*** DATASET EXCERPTS

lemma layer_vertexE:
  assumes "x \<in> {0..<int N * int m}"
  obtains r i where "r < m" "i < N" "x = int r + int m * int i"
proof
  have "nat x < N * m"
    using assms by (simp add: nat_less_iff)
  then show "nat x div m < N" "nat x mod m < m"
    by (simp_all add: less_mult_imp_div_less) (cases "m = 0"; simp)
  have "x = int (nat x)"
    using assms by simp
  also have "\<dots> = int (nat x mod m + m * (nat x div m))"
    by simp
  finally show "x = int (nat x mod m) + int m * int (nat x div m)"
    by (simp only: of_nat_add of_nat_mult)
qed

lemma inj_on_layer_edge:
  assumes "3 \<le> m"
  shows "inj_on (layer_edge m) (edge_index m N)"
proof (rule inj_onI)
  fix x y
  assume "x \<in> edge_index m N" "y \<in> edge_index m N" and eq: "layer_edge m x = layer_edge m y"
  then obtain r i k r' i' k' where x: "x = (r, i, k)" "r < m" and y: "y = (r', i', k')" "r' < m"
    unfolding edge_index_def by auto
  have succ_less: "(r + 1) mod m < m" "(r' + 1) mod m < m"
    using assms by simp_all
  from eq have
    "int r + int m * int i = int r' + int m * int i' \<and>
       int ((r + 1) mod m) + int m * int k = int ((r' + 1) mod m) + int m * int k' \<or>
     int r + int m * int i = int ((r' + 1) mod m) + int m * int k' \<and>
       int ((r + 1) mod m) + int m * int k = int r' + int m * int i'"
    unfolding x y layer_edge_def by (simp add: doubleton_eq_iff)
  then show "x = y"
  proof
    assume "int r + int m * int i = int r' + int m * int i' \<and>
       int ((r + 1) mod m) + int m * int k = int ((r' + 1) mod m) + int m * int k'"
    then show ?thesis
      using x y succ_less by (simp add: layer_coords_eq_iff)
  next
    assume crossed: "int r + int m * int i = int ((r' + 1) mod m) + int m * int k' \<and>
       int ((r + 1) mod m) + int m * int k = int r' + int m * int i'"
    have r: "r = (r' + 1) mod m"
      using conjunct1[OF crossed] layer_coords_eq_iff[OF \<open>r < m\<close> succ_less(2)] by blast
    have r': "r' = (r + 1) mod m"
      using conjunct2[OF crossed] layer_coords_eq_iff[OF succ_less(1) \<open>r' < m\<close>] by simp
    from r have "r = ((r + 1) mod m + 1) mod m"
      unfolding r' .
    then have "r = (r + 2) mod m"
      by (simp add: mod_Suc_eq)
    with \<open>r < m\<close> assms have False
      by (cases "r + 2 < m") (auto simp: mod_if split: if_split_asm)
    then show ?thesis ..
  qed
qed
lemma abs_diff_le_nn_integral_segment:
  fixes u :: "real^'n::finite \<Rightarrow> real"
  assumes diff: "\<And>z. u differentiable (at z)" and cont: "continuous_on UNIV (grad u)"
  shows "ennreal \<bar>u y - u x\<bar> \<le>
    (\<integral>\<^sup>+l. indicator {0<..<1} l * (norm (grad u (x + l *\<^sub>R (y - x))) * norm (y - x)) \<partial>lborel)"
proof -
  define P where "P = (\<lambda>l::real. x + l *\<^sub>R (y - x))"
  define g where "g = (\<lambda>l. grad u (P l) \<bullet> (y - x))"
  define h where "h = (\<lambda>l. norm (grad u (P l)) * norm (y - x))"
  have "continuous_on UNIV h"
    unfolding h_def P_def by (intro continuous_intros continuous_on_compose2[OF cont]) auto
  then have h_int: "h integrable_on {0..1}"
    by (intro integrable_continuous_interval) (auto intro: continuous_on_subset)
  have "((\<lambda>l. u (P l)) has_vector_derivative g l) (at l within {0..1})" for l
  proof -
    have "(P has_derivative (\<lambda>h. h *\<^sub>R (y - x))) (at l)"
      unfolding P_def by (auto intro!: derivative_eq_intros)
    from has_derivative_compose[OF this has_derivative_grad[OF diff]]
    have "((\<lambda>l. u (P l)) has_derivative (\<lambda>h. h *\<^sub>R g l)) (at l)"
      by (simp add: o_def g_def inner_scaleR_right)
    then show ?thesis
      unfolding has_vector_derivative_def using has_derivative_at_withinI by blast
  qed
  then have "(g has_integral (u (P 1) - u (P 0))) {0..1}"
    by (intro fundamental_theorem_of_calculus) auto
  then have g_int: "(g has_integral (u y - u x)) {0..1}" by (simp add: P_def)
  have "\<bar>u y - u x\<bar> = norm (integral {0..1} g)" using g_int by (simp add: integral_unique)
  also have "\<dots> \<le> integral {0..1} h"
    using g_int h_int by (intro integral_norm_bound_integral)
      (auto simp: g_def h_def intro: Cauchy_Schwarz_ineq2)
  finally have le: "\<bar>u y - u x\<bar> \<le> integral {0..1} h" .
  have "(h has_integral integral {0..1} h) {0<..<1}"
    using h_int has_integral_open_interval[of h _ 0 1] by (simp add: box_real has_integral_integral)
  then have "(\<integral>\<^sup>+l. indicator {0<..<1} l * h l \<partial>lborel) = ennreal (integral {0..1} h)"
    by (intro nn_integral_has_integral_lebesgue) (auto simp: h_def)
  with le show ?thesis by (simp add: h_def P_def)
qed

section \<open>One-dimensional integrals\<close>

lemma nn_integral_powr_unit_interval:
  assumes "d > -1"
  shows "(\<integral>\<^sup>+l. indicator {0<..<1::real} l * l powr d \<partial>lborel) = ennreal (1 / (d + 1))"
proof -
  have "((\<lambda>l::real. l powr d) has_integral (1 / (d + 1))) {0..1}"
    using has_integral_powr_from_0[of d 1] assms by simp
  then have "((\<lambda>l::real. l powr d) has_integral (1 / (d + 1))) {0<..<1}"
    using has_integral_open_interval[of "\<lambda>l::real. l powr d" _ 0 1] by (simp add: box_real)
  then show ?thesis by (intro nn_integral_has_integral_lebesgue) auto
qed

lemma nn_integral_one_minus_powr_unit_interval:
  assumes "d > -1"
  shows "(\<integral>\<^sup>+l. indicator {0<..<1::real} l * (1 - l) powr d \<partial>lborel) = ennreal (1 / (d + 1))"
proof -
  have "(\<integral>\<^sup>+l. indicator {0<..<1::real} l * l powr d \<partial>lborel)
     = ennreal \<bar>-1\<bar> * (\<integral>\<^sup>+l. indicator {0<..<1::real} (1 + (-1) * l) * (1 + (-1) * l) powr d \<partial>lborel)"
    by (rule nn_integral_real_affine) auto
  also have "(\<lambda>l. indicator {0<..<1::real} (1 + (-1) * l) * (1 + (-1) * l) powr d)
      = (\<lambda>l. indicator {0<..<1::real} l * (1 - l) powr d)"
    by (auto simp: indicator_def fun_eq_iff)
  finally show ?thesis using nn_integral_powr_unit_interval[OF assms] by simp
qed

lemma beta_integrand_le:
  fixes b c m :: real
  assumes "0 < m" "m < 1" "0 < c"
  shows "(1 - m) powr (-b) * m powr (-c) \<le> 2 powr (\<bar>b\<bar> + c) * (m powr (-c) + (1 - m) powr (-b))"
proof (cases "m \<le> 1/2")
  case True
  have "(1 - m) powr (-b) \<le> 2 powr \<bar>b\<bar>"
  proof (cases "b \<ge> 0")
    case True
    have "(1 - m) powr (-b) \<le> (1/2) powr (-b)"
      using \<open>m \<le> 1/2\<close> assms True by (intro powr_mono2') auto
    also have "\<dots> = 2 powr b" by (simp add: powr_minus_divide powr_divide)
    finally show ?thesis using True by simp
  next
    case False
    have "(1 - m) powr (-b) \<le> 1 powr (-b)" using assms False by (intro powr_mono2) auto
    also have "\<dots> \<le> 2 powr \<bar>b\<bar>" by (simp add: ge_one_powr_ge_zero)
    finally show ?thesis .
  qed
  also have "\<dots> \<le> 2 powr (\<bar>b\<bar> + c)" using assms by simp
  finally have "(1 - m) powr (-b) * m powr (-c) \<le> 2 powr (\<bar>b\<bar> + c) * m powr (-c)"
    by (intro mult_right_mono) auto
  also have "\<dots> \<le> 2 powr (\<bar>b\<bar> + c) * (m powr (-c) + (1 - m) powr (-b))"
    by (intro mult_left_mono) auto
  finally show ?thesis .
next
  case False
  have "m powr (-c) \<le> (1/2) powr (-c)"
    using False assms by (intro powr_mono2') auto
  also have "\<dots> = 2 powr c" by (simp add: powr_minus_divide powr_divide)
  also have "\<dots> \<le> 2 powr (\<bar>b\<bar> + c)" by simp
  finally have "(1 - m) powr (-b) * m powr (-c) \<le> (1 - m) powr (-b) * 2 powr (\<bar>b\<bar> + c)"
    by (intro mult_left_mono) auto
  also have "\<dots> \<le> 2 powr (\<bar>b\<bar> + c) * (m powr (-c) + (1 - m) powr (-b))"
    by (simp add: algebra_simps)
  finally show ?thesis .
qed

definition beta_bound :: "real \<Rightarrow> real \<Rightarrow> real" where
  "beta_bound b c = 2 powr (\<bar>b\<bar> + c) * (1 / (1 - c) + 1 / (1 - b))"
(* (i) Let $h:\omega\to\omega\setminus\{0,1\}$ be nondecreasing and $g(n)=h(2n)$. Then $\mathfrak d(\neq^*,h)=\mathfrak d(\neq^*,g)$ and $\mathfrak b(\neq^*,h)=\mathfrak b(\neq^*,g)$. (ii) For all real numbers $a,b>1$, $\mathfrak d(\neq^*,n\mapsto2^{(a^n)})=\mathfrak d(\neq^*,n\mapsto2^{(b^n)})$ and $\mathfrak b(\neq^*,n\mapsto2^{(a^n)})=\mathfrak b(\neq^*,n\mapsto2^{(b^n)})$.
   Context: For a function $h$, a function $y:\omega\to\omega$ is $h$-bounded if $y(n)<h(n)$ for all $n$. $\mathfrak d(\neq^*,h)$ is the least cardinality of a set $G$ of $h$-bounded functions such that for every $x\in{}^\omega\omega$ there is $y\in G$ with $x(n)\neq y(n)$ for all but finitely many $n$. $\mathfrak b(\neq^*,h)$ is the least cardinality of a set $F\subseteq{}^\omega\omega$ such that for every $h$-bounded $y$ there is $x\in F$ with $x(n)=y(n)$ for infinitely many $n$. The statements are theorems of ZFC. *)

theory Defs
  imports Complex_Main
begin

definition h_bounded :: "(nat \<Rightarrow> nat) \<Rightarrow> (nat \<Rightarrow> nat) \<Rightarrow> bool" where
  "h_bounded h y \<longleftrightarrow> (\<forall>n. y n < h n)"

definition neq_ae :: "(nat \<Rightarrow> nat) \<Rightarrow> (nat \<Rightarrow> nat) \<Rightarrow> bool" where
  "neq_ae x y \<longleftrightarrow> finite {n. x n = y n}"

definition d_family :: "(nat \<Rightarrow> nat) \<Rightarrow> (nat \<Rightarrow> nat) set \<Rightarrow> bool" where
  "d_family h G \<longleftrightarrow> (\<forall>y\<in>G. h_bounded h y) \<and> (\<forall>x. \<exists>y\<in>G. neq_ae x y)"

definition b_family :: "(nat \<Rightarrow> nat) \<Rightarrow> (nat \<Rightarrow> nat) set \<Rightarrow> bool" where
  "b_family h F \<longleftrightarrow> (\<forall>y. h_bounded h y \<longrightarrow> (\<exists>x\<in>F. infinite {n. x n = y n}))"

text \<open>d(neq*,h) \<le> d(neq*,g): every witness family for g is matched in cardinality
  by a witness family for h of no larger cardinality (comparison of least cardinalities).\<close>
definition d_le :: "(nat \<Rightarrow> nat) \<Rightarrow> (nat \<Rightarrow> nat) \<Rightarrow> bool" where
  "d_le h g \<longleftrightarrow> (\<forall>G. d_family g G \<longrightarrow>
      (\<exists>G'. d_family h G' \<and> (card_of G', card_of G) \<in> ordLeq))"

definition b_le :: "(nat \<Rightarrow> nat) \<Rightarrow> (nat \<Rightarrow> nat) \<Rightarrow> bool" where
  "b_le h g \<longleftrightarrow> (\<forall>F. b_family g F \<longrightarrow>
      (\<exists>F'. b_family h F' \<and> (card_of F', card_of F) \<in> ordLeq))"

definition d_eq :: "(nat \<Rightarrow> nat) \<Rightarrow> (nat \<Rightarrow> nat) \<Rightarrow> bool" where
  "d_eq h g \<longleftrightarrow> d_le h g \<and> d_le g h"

******

▸ ASSIGNMENT
Using the records above, restate word for word the lines from the one with "then show ?thesis .." through the one with "unfolding P_def by", both included.

▸ ANSWER TO THIS PROBLEM
    then show ?thesis ..
  qed
qed
lemma abs_diff_le_nn_integral_segment:
  fixes u :: "real^'n::finite \<Rightarrow> real"
  assumes diff: "\<And>z. u differentiable (at z)" and cont: "continuous_on UNIV (grad u)"
  shows "ennreal \<bar>u y - u x\<bar> \<le>
    (\<integral>\<^sup>+l. indicator {0<..<1} l * (norm (grad u (x + l *\<^sub>R (y - x))) * norm (y - x)) \<partial>lborel)"
proof -
  define P where "P = (\<lambda>l::real. x + l *\<^sub>R (y - x))"
  define g where "g = (\<lambda>l. grad u (P l) \<bullet> (y - x))"
  define h where "h = (\<lambda>l. norm (grad u (P l)) * norm (y - x))"
  have "continuous_on UNIV h"
    unfolding h_def P_def by (intro continuous_intros continuous_on_compose2[OF cont]) auto
  then have h_int: "h integrable_on {0..1}"
    by (intro integrable_continuous_interval) (auto intro: continuous_on_subset)
  have "((\<lambda>l. u (P l)) has_vector_derivative g l) (at l within {0..1})" for l
  proof -
    have "(P has_derivative (\<lambda>h. h *\<^sub>R (y - x))) (at l)"
      unfolding P_def by (auto intro!: derivative_eq_intros)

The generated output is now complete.